● YOUR INSTRUCTIONS:
Among the entries, which lines carry the string "type"? Copy every one.

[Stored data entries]
========

(* The transition function $F$, considered as an operator on the real Banach space $\mathcal M(\mathcal P(S))$ of signed Radon measures on $\mathcal P(S)$ with the total variation norm, is linear with operator norm $\|F\|=1$.
   Context: $T$ is an $n\times n$ stochastic matrix (transition matrix of a Markov chain on $S=\{1,\dots,n\}$); $O$ is a finite index set and for each $i\in O$, $M^{(i)}$ is an $n\times m$ stochastic matrix (observation matrix, observations in $V=\{1,\dots,m\}$). $\mathcal P(S)$ is the probability simplex in $\mathbb R^n$, $\delta(x)$ the point mass at $x\in S$. A (measurable) policy $g:\mathcal P(S)\to O$ has preimages $A_i=g^{-1}\{i\}$. $\alpha_{i,y}(z)=(zTM^{(i)})_y$ and, when $\alpha_{i,y}(z)>0$, $r_{i,y}(z)=\frac{\sum_{x,j}M^{(i)}_{x,y}T_{j,x}z_j\delta(x)}{\sum_{x,j}M^{(i)}_{x,y}T_{j,x}z_j}\in\mathcal P(S)$. The transition function is $F(\mu)=\sum_{i\in O}\sum_{y\in V}\int_{A_i}\alpha_{i,y}(z)\,\delta_{r_{i,y}(z)}\,d\mu(z)$ (terms with $\alpha_{i,y}(z)=0$ contribute zero), defined for signed Radon measures $\mu$ on $\mathcal P(S)$; it maps probability measures to probability measures. *)

theory Defs
  imports "HOL-Analysis.Analysis" "HOL-Probability.Probability"
begin

text \<open>States S = the finite type 'n, observations V = the finite type 'm,
  observation indices O = the finite type 'o.  Points of P(S) are vectors
  z :: real^'n in the probability simplex.\<close>

definition prob_simplex :: "(real^'n::finite) set" where
  "prob_simplex = {z. (\<forall>j. 0 \<le> z $ j) \<and> (\<Sum>j\<in>UNIV. z $ j) = 1}"

definition PS :: "(real^'n::finite) measure" where
  "PS = restrict_space borel prob_simplex"

definition stochastic :: "real^'b::finite^'a::finite \<Rightarrow> bool" where
  "stochastic A \<longleftrightarrow> (\<forall>i j. 0 \<le> A $ i $ j) \<and> (\<forall>i. (\<Sum>j\<in>UNIV. A $ i $ j) = 1)"

text \<open>Signed (finite, real valued) Borel measures on P(S), represented as set
  functions that vanish off the Borel sets.  Since P(S) is a compact metric space,
  every such measure is Radon.\<close>
definition signed_measures :: "((real^'n::finite) set \<Rightarrow> real) set" where
  "signed_measures = {\<mu>. (\<forall>A. A \<notin> sets PS \<longrightarrow> \<mu> A = 0) \<and> \<mu> {} = 0 \<and>
     (\<forall>E::nat \<Rightarrow> (real^'n) set. range E \<subseteq> sets PS \<longrightarrow> disjoint_family E \<longrightarrow>
        (\<lambda>k. \<mu> (E k)) sums \<mu> (\<Union>k. E k))}"

definition tv_norm :: "((real^'n::finite) set \<Rightarrow> real) \<Rightarrow> real" where
  "tv_norm \<mu> = Sup {(\<Sum>i<k. \<bar>\<mu> (E i)\<bar>) | (k::nat) E. (\<forall>i<k. E i \<in> sets PS) \<and>
       disjoint_family_on E {..<k} \<and> (\<Union>i<k. E i) = prob_simplex}"

definition jordan_pos :: "((real^'n::finite) set \<Rightarrow> real) \<Rightarrow> (real^'n) measure" where
  "jordan_pos \<mu> = measure_of prob_simplex (sets PS)
     (\<lambda>A. ennreal (SUP C\<in>{C\<in>sets PS. C \<subseteq> A}. \<mu> C))"

definition jordan_neg :: "((real^'n::finite) set \<Rightarrow> real) \<Rightarrow> (real^'n) measure" where
  "jordan_neg \<mu> = jordan_pos (\<lambda>A. - \<mu> A)"

definition signed_integral :: "((real^'n::finite) set \<Rightarrow> real) \<Rightarrow> (real^'n \<Rightarrow> real) \<Rightarrow> real" where
  "signed_integral \<mu> f = (\<integral>z. f z \<partial>jordan_pos \<mu>) - (\<integral>z. f z \<partial>jordan_neg \<mu>)"

text \<open>alpha_{i,y}(z) = (z T M^(i))_y  (z as a row vector).\<close>
definition alpha :: "real^'n^'n \<Rightarrow> ('o \<Rightarrow> real^'m^'n) \<Rightarrow> 'o \<Rightarrow> 'm \<Rightarrow> real^'n \<Rightarrow> real" where
  "alpha T M i y z = (\<Sum>x\<in>UNIV. (\<Sum>j\<in>UNIV. z $ j * T $ j $ x) * M i $ x $ y)"

text \<open>r_{i,y}(z), the updated belief (a point of P(S)), written as
  sum_x c_x delta(x) with delta(x) the x-th unit vector.\<close>
definition rupd :: "real^'n::finite^'n \<Rightarrow> ('o \<Rightarrow> real^'m::finite^'n) \<Rightarrow> 'o \<Rightarrow> 'm \<Rightarrow> real^'n \<Rightarrow> real^'n" where
  "rupd T M i y z =
     (\<Sum>x\<in>UNIV. ((\<Sum>j\<in>UNIV. M i $ x $ y * T $ j $ x * z $ j) / alpha T M i y z) *\<^sub>R axis x 1)"

text \<open>The transition function F on signed measures:
  F(mu)(B) = sum_i sum_y int_{A_i} alpha_{i,y}(z) delta_{r_{i,y}(z)}(B) dmu(z),
  terms with alpha = 0 contributing zero; A_i = g^{-1}{i}.\<close>
definition transF :: "real^'n::finite^'n \<Rightarrow> ('o::finite \<Rightarrow> real^'m::finite^'n) \<Rightarrow> (real^'n \<Rightarrow> 'o)
     \<Rightarrow> ((real^'n) set \<Rightarrow> real) \<Rightarrow> ((real^'n) set \<Rightarrow> real)" where
  "transF T M g \<mu> B = (if B \<in> sets PS then
     (\<Sum>i\<in>UNIV. \<Sum>y\<in>UNIV. signed_integral \<mu>
        (\<lambda>z. if g z = i \<and> alpha T M i y z > 0
             then alpha T M i y z * indicator B (rupd T M i y z) else 0))
     else 0)"

end

theory Submission
  imports Defs
begin

text \<open>
  \<open>F\<close> integrates the Markov kernel
  \<open>K B z = \<Sum>\<^sub>i\<^sub>,\<^sub>y [z \<in> A\<^sub>i] \<alpha>\<^sub>i\<^sub>,\<^sub>y(z) \<delta>\<^bsub>r\<^sub>i\<^sub>,\<^sub>y(z)\<^esub>(B)\<close> against \<open>\<mu>\<close>, so it suffices to study
  \<open>\<mu> \<mapsto> (B \<mapsto> \<integral> K B d\<mu>)\<close> for an arbitrary Markov kernel \<open>K\<close> on \<open>P(S)\<close>.
  A signed measure is bounded, so its positive variation \<open>\<mu>\<^sup>+(A) = sup {\<mu> C | C \<subseteq> A}\<close> is a finite
  measure, \<open>\<mu> = \<mu>\<^sup>+ - \<mu>\<^sup>-\<close>, and \<open>\<parallel>\<mu>\<parallel> = \<mu>\<^sup>+(P(S)) + \<mu>\<^sup>-(P(S))\<close>.
  Integration of bounded measurable functions is linear in \<open>\<mu>\<close> (by induction over nonnegative
  measurable functions), which gives linearity of \<open>F\<close>; countable additivity of \<open>F \<mu>\<close> follows by
  dominated convergence.  For a partition \<open>E\<^sub>1, \<dots>, E\<^sub>k\<close> of \<open>P(S)\<close>,
  \<open>\<Sum>\<^sub>l \<bar>F \<mu> (E\<^sub>l)\<bar> \<le> \<integral> \<Sum>\<^sub>l K E\<^sub>l d(\<mu>\<^sup>+ + \<mu>\<^sup>-) = \<integral> K P(S) d(\<mu>\<^sup>+ + \<mu>\<^sup>-) = \<parallel>\<mu>\<parallel>\<close>, so \<open>\<parallel>F\<parallel> \<le> 1\<close>.
  Since \<open>F\<close> preserves total mass, a point mass \<open>\<delta>\<close> satisfies \<open>1 = \<bar>F \<delta> (P(S))\<bar> \<le> \<parallel>F \<delta>\<parallel> \<le> 1\<close>,
  so the norm is attained.
\<close>

section \<open>Signed measures on the simplex\<close>

lemma space_PS: "space PS = prob_simplex"
  by (simp add: PS_def space_restrict_space)

lemma sets_PS_subset: "A \<in> sets PS \<Longrightarrow> A \<subseteq> prob_simplex"
  using sets.sets_into_space space_PS by blast

lemma prob_simplex_in_sets_PS: "prob_simplex \<in> sets PS"
  using sets.top space_PS by metis

lemma axis_in_prob_simplex: "axis i 1 \<in> prob_simplex"
  by (simp add: prob_simplex_def axis_def)

lemma signed_measures_empty: "\<mu> \<in> signed_measures \<Longrightarrow> \<mu> {} = 0"
  by (simp add: signed_measures_def)

lemma signed_measures_uminus: "\<mu> \<in> signed_measures \<Longrightarrow> (\<lambda>A. - \<mu> A) \<in> signed_measures"
  unfolding signed_measures_def by (auto intro: sums_minus)

lemma signed_measures_lincomb:
  "\<mu> \<in> signed_measures \<Longrightarrow> \<nu> \<in> signed_measures \<Longrightarrow> (\<lambda>A. a * \<mu> A + b * \<nu> A) \<in> signed_measures"
  unfolding signed_measures_def by (auto intro!: sums_add sums_mult)

lemma finite_measure_in_signed_measures:
  fixes N :: "(real^'n::finite) measure"
  assumes "finite_measure N" "sets N = sets PS"
  shows "measure N \<in> signed_measures"
  unfolding signed_measures_def
proof (intro CollectI conjI allI impI)
  show "measure N A = 0" if "A \<notin> sets PS" for A
    using that assms(2) by (simp add: measure_notin_sets)
  show "measure N {} = 0"
    by simp
  show "(\<lambda>k. measure N (E k)) sums measure N (\<Union>k. E k)"
    if "range E \<subseteq> sets PS" "disjoint_family E" for E :: "nat \<Rightarrow> (real^'n) set"
    using finite_measure.finite_measure_UNION[OF assms(1)] that assms(2) by simp
qed

lemma signed_measure_sums:
  "\<mu> \<in> signed_measures \<Longrightarrow> range E \<subseteq> sets PS \<Longrightarrow> disjoint_family E \<Longrightarrow>
    (\<lambda>k. \<mu> (E k)) sums \<mu> (\<Union>k. E k)"
  by (simp add: signed_measures_def)

lemma signed_measure_Un:
  assumes "\<mu> \<in> signed_measures" "A \<in> sets PS" "B \<in> sets PS" "A \<inter> B = {}"
  shows "\<mu> (A \<union> B) = \<mu> A + \<mu> B"
proof -
  define E where "E k = (if k = (0::nat) then A else if k = 1 then B else {})" for k
  have "range E \<subseteq> sets PS" "disjoint_family E"
    using assms(2-4) by (auto simp: E_def disjoint_family_on_def)
  then have "(\<lambda>k. \<mu> (E k)) sums \<mu> (\<Union>k. E k)"
    by (rule signed_measure_sums[OF assms(1)])
  moreover have "(\<Union>k. E k) = A \<union> B"
    by (auto simp: E_def split: if_splits)
  moreover have "(\<lambda>k. \<mu> (E k)) sums (\<Sum>k\<in>{0,1}. \<mu> (E k))"
    by (rule sums_finite) (auto simp: E_def signed_measures_empty[OF assms(1)])
  ultimately show ?thesis
    using sums_unique2 by (fastforce simp: E_def)
qed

========

● COMPLETED EXERCISE:
text \<open>States S = the finite type 'n, observations V = the finite type 'm,
  observation indices O = the finite type 'o.  Points of P(S) are vectors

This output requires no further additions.